Later when I got home, I did some research to find out that Jeppson’s wasn’t making their own bourbon, nor were they sourcing it from a local Illinois distillery like Koval or Blaum. Instead, they had sourced more than 500 barrels of OZ Tyler bourbon (no, not their Terrepure whiskey) and MGP bourbon. They then blended this together and produced the bottle you see here. So the pedigree should be pretty solid, but how does it taste? Let’s take a look.

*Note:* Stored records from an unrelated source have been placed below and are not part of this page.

(* Let $(X,d)$ be a compact metric space and let $f\colon X\to X$ be a continuous map with the limit shadowing property. Then $CR(f)=\Omega(f)=\overline{M(f)}$, and the restriction $f|_{\Omega(f)}\colon\Omega(f)\to\Omega(f)$ has the shadowing property.
   Context: A sequence $(x_i)_{i\ge0}$ in $X$ is a $\delta$-pseudo orbit of $f$ if $d(f(x_i),x_{i+1})\le\delta$ for all $i\ge0$; it is $\epsilon$-shadowed by $x\in X$ if $d(x_i,f^i(x))\le\epsilon$ for all $i\ge0$. $f$ has the shadowing property if for every $\epsilon>0$ there is $\delta>0$ such that every $\delta$-pseudo orbit of $f$ is $\epsilon$-shadowed by some point of $X$. A sequence $(x_i)_{i\ge0}$ is a limit pseudo orbit of $f$ if $\lim_{i\to\infty}d(f(x_i),x_{i+1})=0$; $f$ has the limit shadowing property if for every limit pseudo orbit $(x_i)_{i\ge0}$ there is $y\in X$ with $\lim_{i\to\infty}d(x_i,f^i(y))=0$. A finite sequence $(x_i)_{i=0}^k$ ($k\ge1$) is a $\delta$-chain if $d(f(x_i),x_{i+1})\le\delta$ for $0\le i\le k-1$, and a $\delta$-cycle if moreover $x_0=x_k$. $x$ is chain recurrent if for every $\delta>0$ there is a $\delta$-cycle with $x_0=x_k=x$; $CR(f)$ is the set of chain recurrent points. $x$ is minimal if $f$ restricted to the orbit closure $\overline{\{f^n(x):n\ge0\}}$ is minimal; $M(f)$ is the set of minimal points. $x$ is non-wandering if for every neighborhood $U$ of $x$ there is $n>0$ with $f^n(U)\cap U\ne\emptyset$; $\Omega(f)$ is the set of non-wandering points. *)

theory Defs
  imports "HOL-Analysis.Analysis"
begin

definition pseudo_orbit :: "('a::metric_space \<Rightarrow> 'a) \<Rightarrow> 'a set \<Rightarrow> real \<Rightarrow> (nat \<Rightarrow> 'a) \<Rightarrow> bool" where
  "pseudo_orbit f X \<delta> xs \<longleftrightarrow> (\<forall>i. xs i \<in> X) \<and> (\<forall>i. dist (f (xs i)) (xs (Suc i)) \<le> \<delta>)"

definition shadows :: "('a::metric_space \<Rightarrow> 'a) \<Rightarrow> real \<Rightarrow> (nat \<Rightarrow> 'a) \<Rightarrow> 'a \<Rightarrow> bool" where
  "shadows f \<epsilon> xs x \<longleftrightarrow> (\<forall>i. dist (xs i) ((f ^^ i) x) \<le> \<epsilon>)"

definition shadowing_property :: "('a::metric_space \<Rightarrow> 'a) \<Rightarrow> 'a set \<Rightarrow> bool" where
  "shadowing_property f X \<longleftrightarrow>
     (\<forall>\<epsilon>>0. \<exists>\<delta>>0. \<forall>xs. pseudo_orbit f X \<delta> xs \<longrightarrow> (\<exists>x\<in>X. shadows f \<epsilon> xs x))"

definition limit_pseudo_orbit :: "('a::metric_space \<Rightarrow> 'a) \<Rightarrow> 'a set \<Rightarrow> (nat \<Rightarrow> 'a) \<Rightarrow> bool" where
  "limit_pseudo_orbit f X xs \<longleftrightarrow>
     (\<forall>i. xs i \<in> X) \<and> (\<lambda>i. dist (f (xs i)) (xs (Suc i))) \<longlonglongrightarrow> 0"

definition limit_shadowing_property :: "('a::metric_space \<Rightarrow> 'a) \<Rightarrow> 'a set \<Rightarrow> bool" where
  "limit_shadowing_property f X \<longleftrightarrow>
     (\<forall>xs. limit_pseudo_orbit f X xs \<longrightarrow>
        (\<exists>y\<in>X. (\<lambda>i. dist (xs i) ((f ^^ i) y)) \<longlonglongrightarrow> 0))"

definition chain_recurrent_set :: "('a::metric_space \<Rightarrow> 'a) \<Rightarrow> 'a set \<Rightarrow> 'a set" where
  "chain_recurrent_set f X = {x \<in> X. \<forall>\<delta>>0. \<exists>k::nat. k \<ge> 1 \<and> (\<exists>xs. xs 0 = x \<and> xs k = x \<and>
       (\<forall>i\<le>k. xs i \<in> X) \<and> (\<forall>i<k. dist (f (xs i)) (xs (Suc i)) \<le> \<delta>))}"

definition orbit_closure :: "('a::metric_space \<Rightarrow> 'a) \<Rightarrow> 'a \<Rightarrow> 'a set" where
  "orbit_closure f x = closure {(f ^^ n) x | n. True}"

definition minimal_system :: "('a::metric_space \<Rightarrow> 'a) \<Rightarrow> 'a set \<Rightarrow> bool" where
  "minimal_system f Y \<longleftrightarrow> Y \<noteq> {} \<and> closed Y \<and> f ` Y \<subseteq> Y \<and>
     (\<forall>Z. Z \<subseteq> Y \<and> Z \<noteq> {} \<and> closed Z \<and> f ` Z \<subseteq> Z \<longrightarrow> Z = Y)"

definition minimal_points :: "('a::metric_space \<Rightarrow> 'a) \<Rightarrow> 'a set \<Rightarrow> 'a set" where
  "minimal_points f X = {x \<in> X. minimal_system f (orbit_closure f x)}"

definition nonwandering_set :: "('a::metric_space \<Rightarrow> 'a) \<Rightarrow> 'a set \<Rightarrow> 'a set" where
  "nonwandering_set f X = {x \<in> X. \<forall>U. openin (top_of_set X) U \<and> x \<in> U \<longrightarrow>
       (\<exists>n>0. (f ^^ n) ` U \<inter> U \<noteq> {})}"

end

theory Submission
  imports Defs
begin

(* Limit shadowing lets one glue finite chains whose jumps tend to zero into a limit pseudo-orbit,
   which some true orbit then traces asymptotically. Gluing ever finer cycles through a chain
   recurrent point x puts x into the omega-limit set of the tracing orbit, and omega-limit points
   are non-wandering; hence CR(f) = Omega(f). Inside Omega(f) every point lies on arbitrarily fine
   cycles and can be reached back from any point close to its image, so every finite piece of a
   fine pseudo-orbit in Omega(f) closes up into a fine cycle. If finite shadowing failed in
   Omega(f), gluing such cycles would give a limit pseudo-orbit traced by no orbit. Compactness
   upgrades finite shadowing to shadowing, and the shadowing point is moved into Omega(f) by
   passing to an omega-limit point of a periodic tracer. Finally, shadowing a fine cycle through
   x in Omega(f) gives an orbit that returns periodically close to x; the closure of these returns
   contains a point of a minimal set, so Omega(f) lies in the closure of M(f), which in turn lies
   in Omega(f). *)

section \<open>Pseudo-chains\<close>

definition pseudo_chain :: "('a::metric_space \<Rightarrow> 'a) \<Rightarrow> 'a set \<Rightarrow> real \<Rightarrow> nat \<Rightarrow> (nat \<Rightarrow> 'a) \<Rightarrow> bool" where
  "pseudo_chain f S \<delta> n c \<longleftrightarrow> (\<forall>i\<le>n. c i \<in> S) \<and> (\<forall>i<n. dist (f (c i)) (c (Suc i)) \<le> \<delta>)"

lemma chain_recurrent_set_iff:
  "x \<in> chain_recurrent_set f X \<longleftrightarrow>
     x \<in> X \<and> (\<forall>\<delta>>0. \<exists>n\<ge>1. \<exists>c. c 0 = x \<and> c n = x \<and> pseudo_chain f X \<delta> n c)"
  by (auto simp: chain_recurrent_set_def pseudo_chain_def)

lemma pseudo_chain_mono:
  "pseudo_chain f S \<delta> n c \<Longrightarrow> S \<subseteq> T \<Longrightarrow> \<delta> \<le> \<delta>' \<Longrightarrow> pseudo_chain f T \<delta>' n c"
  unfolding pseudo_chain_def by (meson order_trans subsetD)

lemma pseudo_chain_prefix:
  "pseudo_orbit f S \<delta> xs \<Longrightarrow> pseudo_chain f S \<delta> n xs"
  by (simp add: pseudo_orbit_def pseudo_chain_def)
(* Let $x_s<x_t$ be integers, let $C\ge 0$, and let $f:[x_s,x_t]\to\mathbb{R}$ be such that $([x_s,x_t],f)$ is an Ameso($C$) pair. If there exist $x'\in[x_s,x_t]$ and $z\in[x_s,x')$ with $f(z)-f(x')\ge C$, then $\min_{y\in[z,x_t]}f(y)=\min_{y\in[x_s,x_t]}f(y)$.
   Context: For integers $a\le b$, $[a,b]$ denotes the set of integers $\{a,\dots,b\}$ and $[a,b)$ the set $\{a,\dots,b-1\}$. Floors and ceilings of vectors are taken componentwise. A set $D^n\subseteq\mathbb{Z}^n$ is an Ameso set if $\lceil(\vec x+\vec y)/2\rceil,\lfloor(\vec x+\vec y)/2\rfloor\in D^n$ for all $\vec x,\vec y\in D^n$. For $C\ge 0$, $(D^n,f)$ is an Ameso($C$) pair if $D^n$ is an Ameso set, $f:D^n\to\mathbb{R}$ is bounded below, and $f(\vec x)+f(\vec y)+C\ge f(\lceil(\vec x+\vec y)/2\rceil)+f(\lfloor(\vec x+\vec y)/2\rfloor)$ for all $\vec x,\vec y\in D^n$. *)

theory Defs
  imports Main Complex_Main
begin

text \<open>Ameso sets and Ameso(C) pairs in dimension n = 1 (subsets of the integers).
  Floors and ceilings of the midpoint are taken of the real number (x+y)/2.\<close>

definition ameso_set :: "int set \<Rightarrow> bool" where
  "ameso_set D \<longleftrightarrow>
     (\<forall>x\<in>D. \<forall>y\<in>D. \<lceil>real_of_int (x + y) / 2\<rceil> \<in> D \<and> \<lfloor>real_of_int (x + y) / 2\<rfloor> \<in> D)"

definition ameso_pair :: "real \<Rightarrow> int set \<Rightarrow> (int \<Rightarrow> real) \<Rightarrow> bool" where
  "ameso_pair C D f \<longleftrightarrow>
     ameso_set D \<and> bdd_below (f ` D) \<and>
     (\<forall>x\<in>D. \<forall>y\<in>D. f x + f y + C \<ge>
         f \<lceil>real_of_int (x + y) / 2\<rceil> + f \<lfloor>real_of_int (x + y) / 2\<rfloor>)"

end

theory Submission
  imports Defs
begin

text \<open>Let \<open>y\<close> minimise \<open>f\<close> on \<open>[x\<^sub>s,x\<^sub>t]\<close>; if \<open>y \<ge> z\<close> there is nothing to show.
  Otherwise \<open>y < z < x'\<close>, and the Ameso inequality yields a maximum principle up to \<open>C\<close>
  on \<open>[y,x']\<close>: take the leftmost maximiser \<open>p\<close> of \<open>f\<close> there and reflect the nearer
  endpoint through \<open>p\<close>. As \<open>f z \<ge> f x' + C\<close>, the right endpoint cannot win, so
  \<open>f x' + C \<le> f z \<le> f y + C\<close> and \<open>x' \<in> [z,x\<^sub>t]\<close> is itself a global minimiser.\<close>

lemma ameso_pair_midpoint_le:
  assumes "ameso_pair C D f" "a \<in> D" "b \<in> D" "a + b = 2 * p"
  shows "2 * f p \<le> f a + f b + C"
proof -
  have "real_of_int (a + b) / 2 = real_of_int p"
    using assms(4) by simp
  then show ?thesis
    using assms(1-3) unfolding ameso_pair_def by fastforce
qed

lemma obtain_leftmost_maximizer:
  fixes f :: "'a::linorder \<Rightarrow> 'b::linorder"
  assumes "finite S" "S \<noteq> {}"
  obtains p where "p \<in> S" "\<forall>w\<in>S. f w \<le> f p" "\<forall>w\<in>S. w < p \<longrightarrow> f w < f p"
proof -
  define T where "T = {w\<in>S. f w = Max (f ` S)}"
  have "Max (f ` S) \<in> f ` S"
    using assms by simp
  then have "finite T" "T \<noteq> {}"
    using assms(1) by (auto simp: T_def)
  then have "Min T \<in> T" and Min_le_T: "\<forall>w\<in>T. Min T \<le> w"
    by simp_all
  have le_Max: "\<forall>w\<in>S. f w \<le> Max (f ` S)"
    using assms(1) by simp
  show ?thesis
  proof (rule that)
    show "Min T \<in> S" "\<forall>w\<in>S. f w \<le> f (Min T)"
      using \<open>Min T \<in> T\<close> le_Max by (simp_all add: T_def)
    show "\<forall>w\<in>S. w < Min T \<longrightarrow> f w < f (Min T)"
    proof (intro ballI impI)
      fix w assume "w \<in> S" "w < Min T"
      then have "f w \<noteq> Max (f ` S)"
        using Min_le_T by (force simp: T_def)
      then show "f w < f (Min T)"
        using \<open>w \<in> S\<close> \<open>Min T \<in> T\<close> le_Max by (simp add: T_def order.strict_iff_order)
    qed
  qed
qed

lemma ameso_pair_max_principle:
  fixes l r w :: int
  assumes f: "ameso_pair C D f" and "{l..r} \<subseteq> D" and "C \<ge> 0"
    and "l \<le> w" "w < r" and w_large: "f r + C \<le> f w"
  shows "f w \<le> f l + C"
proof -
  obtain p where p: "p \<in> {l..r}" and p_max: "\<forall>u\<in>{l..r}. f u \<le> f p"
    and p_leftmost: "\<forall>u\<in>{l..r}. u < p \<longrightarrow> f u < f p"
    using obtain_leftmost_maximizer[of "{l..r}" f] \<open>l \<le> w\<close> \<open>w < r\<close> by auto
  have "f w \<le> f p"
    using p_max \<open>l \<le> w\<close> \<open>w < r\<close> by simp
  have "p \<noteq> r"
    using p_leftmost \<open>l \<le> w\<close> \<open>w < r\<close> w_large \<open>C \<ge> 0\<close> by force
  show ?thesis
  proof (cases "p - l \<le> r - p")
    case True
    have "2 * f p \<le> f l + f (2 * p - l) + C"
      using True p assms(2) by (intro ameso_pair_midpoint_le[OF f]) auto
    moreover have "f (2 * p - l) \<le> f p"
      using True p p_max by simp
    ultimately show ?thesis
      using \<open>f w \<le> f p\<close> by linarith
  next
    case False
    have "2 * f p \<le> f (2 * p - r) + f r + C"
      using False p assms(2) by (intro ameso_pair_midpoint_le[OF f]) auto
    moreover have "f (2 * p - r) < f p"
      using False p p_leftmost \<open>p \<noteq> r\<close> by simp
    ultimately show ?thesis
      using \<open>f w \<le> f p\<close> w_large by linarith
  qed
qed

theorem corollary3:
  fixes xs xt z x' :: int and C :: real and f :: "int \<Rightarrow> real"
  assumes "xs < xt"
    and "C \<ge> 0"
    and "ameso_pair C {xs..xt} f"
    and "x' \<in> {xs..xt}"
    and "z \<in> {xs..<x'}"
    and "f z - f x' \<ge> C"
  shows "Min (f ` {z..xt}) = Min (f ` {xs..xt})"
proof -
  have "Min (f ` {xs..xt}) \<in> f ` {xs..xt}"
    using assms(1) by (intro Min_in) auto
  then obtain y where y: "y \<in> {xs..xt}" and y_Min: "f y = Min (f ` {xs..xt})"
    by auto
  have "\<exists>u\<in>{z..xt}. f u \<le> f y"
  proof (cases "z \<le> y")
    case True
    then show ?thesis
      using y by auto
  next
    case False
    have "f z \<le> f y + C"
    proof (rule ameso_pair_max_principle[OF assms(3)])
      show "{y..x'} \<subseteq> {xs..xt}"
        using y assms(4) by auto
    qed (use False assms(2,5,6) in auto)
    then show ?thesis
      using assms(4-6) by (intro bexI[of _ x']) auto
  qed
  then have "Min (f ` {z..xt}) \<le> f y"
    by (subst Min_le_iff) auto
  moreover have "Min (f ` {xs..xt}) \<le> Min (f ` {z..xt})"
    using assms(4,5) by (intro Min_antimono image_mono) auto
  ultimately show ?thesis
    using y_Min by linarith
qed

end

Nose: The nose doesn’t come off as young as you’d think, with notes of corn bread being one of the few young traits that I smell. There are plenty of warm cinnamon baking spice notes and the sweet scents of vanilla and brown sugar. This is very much a classic bourbon nose, if not slightly generic.
Palate: Sweet vanilla pudding with caramel and some slight baking spice flavors all serve up more of that traditional bourbon profile that I found on the nose. There is some buttery cornbread and a small amount of seasoned oak that I’m able to taste. Fruit is somewhat absent overall but I do find some citrus notes if I roll it around in my mouth a bit. No doubt this comes from the higher rye content of whatever MGP bourbon mashbill they used.
Finish: The oak on the finish becomes more pronounced than it was on the palate while baking spices are on full display. The finish is sweet enough with no offensive young notes and the orange peel citrus notes lingers around for a while too.
Jeppson’s Bourbon is a nice jack of all trades for a four year old bourbon. And while I can’t say that I was blown away by any part of it, I didn’t find any serious flaws to make me not recommend it. In a land full of 100 proof bottom shelf whiskies, this one is a great contender. However, the $25 price tag is actually on the high side of this segment.
There are many Heaven Hill products out there that share these same specs (while being bottled in bond) and come in $10 less. But whereas the Heaven Hill products tend to be a little grainier and a little nuttier, the Jeppson’s bottle is content on settling on a more neutral bourbon profile.
This would be a great bottle to own for those of you who have fond (or not so fond) memories of Malort, the city of Chicago and want to support a local brand that is looking to branch outwards. Plus, you have to give them kudos for being so open and transparent about the source of their whiskey in a time when it seems that NDPs are trying to be more sneaky than ever.
1 | Disgusting | Drain pour (Example: Jeffers Creek)
2 | Poor | Forced myself to drink it
3 | Bad | Flawed (AD Laws 4 Grain BiB, Clyde Mays anything)
4 | Sub-par | Many things I’d rather have (Tincup 10 year)
5 | Good | Good, solid, ordinary (Larceny, Sazerac Rye)
6 | Very Good | Better than average (Buffalo Trace, OGD BiB)
7 | Great | Well above average (Old Ezra Barrel Proof, Old Weller Antique)
8 | Excellent | Exceptional (Michter’s Barrel Proof Rye, Four Roses Barrel Strength)
9 | Incredible | Extraordinary (GTS, 13 Year MGP or Canadian Rye)
10 | Insurpassable | Nothing Else Comes Close (William Larue Weller)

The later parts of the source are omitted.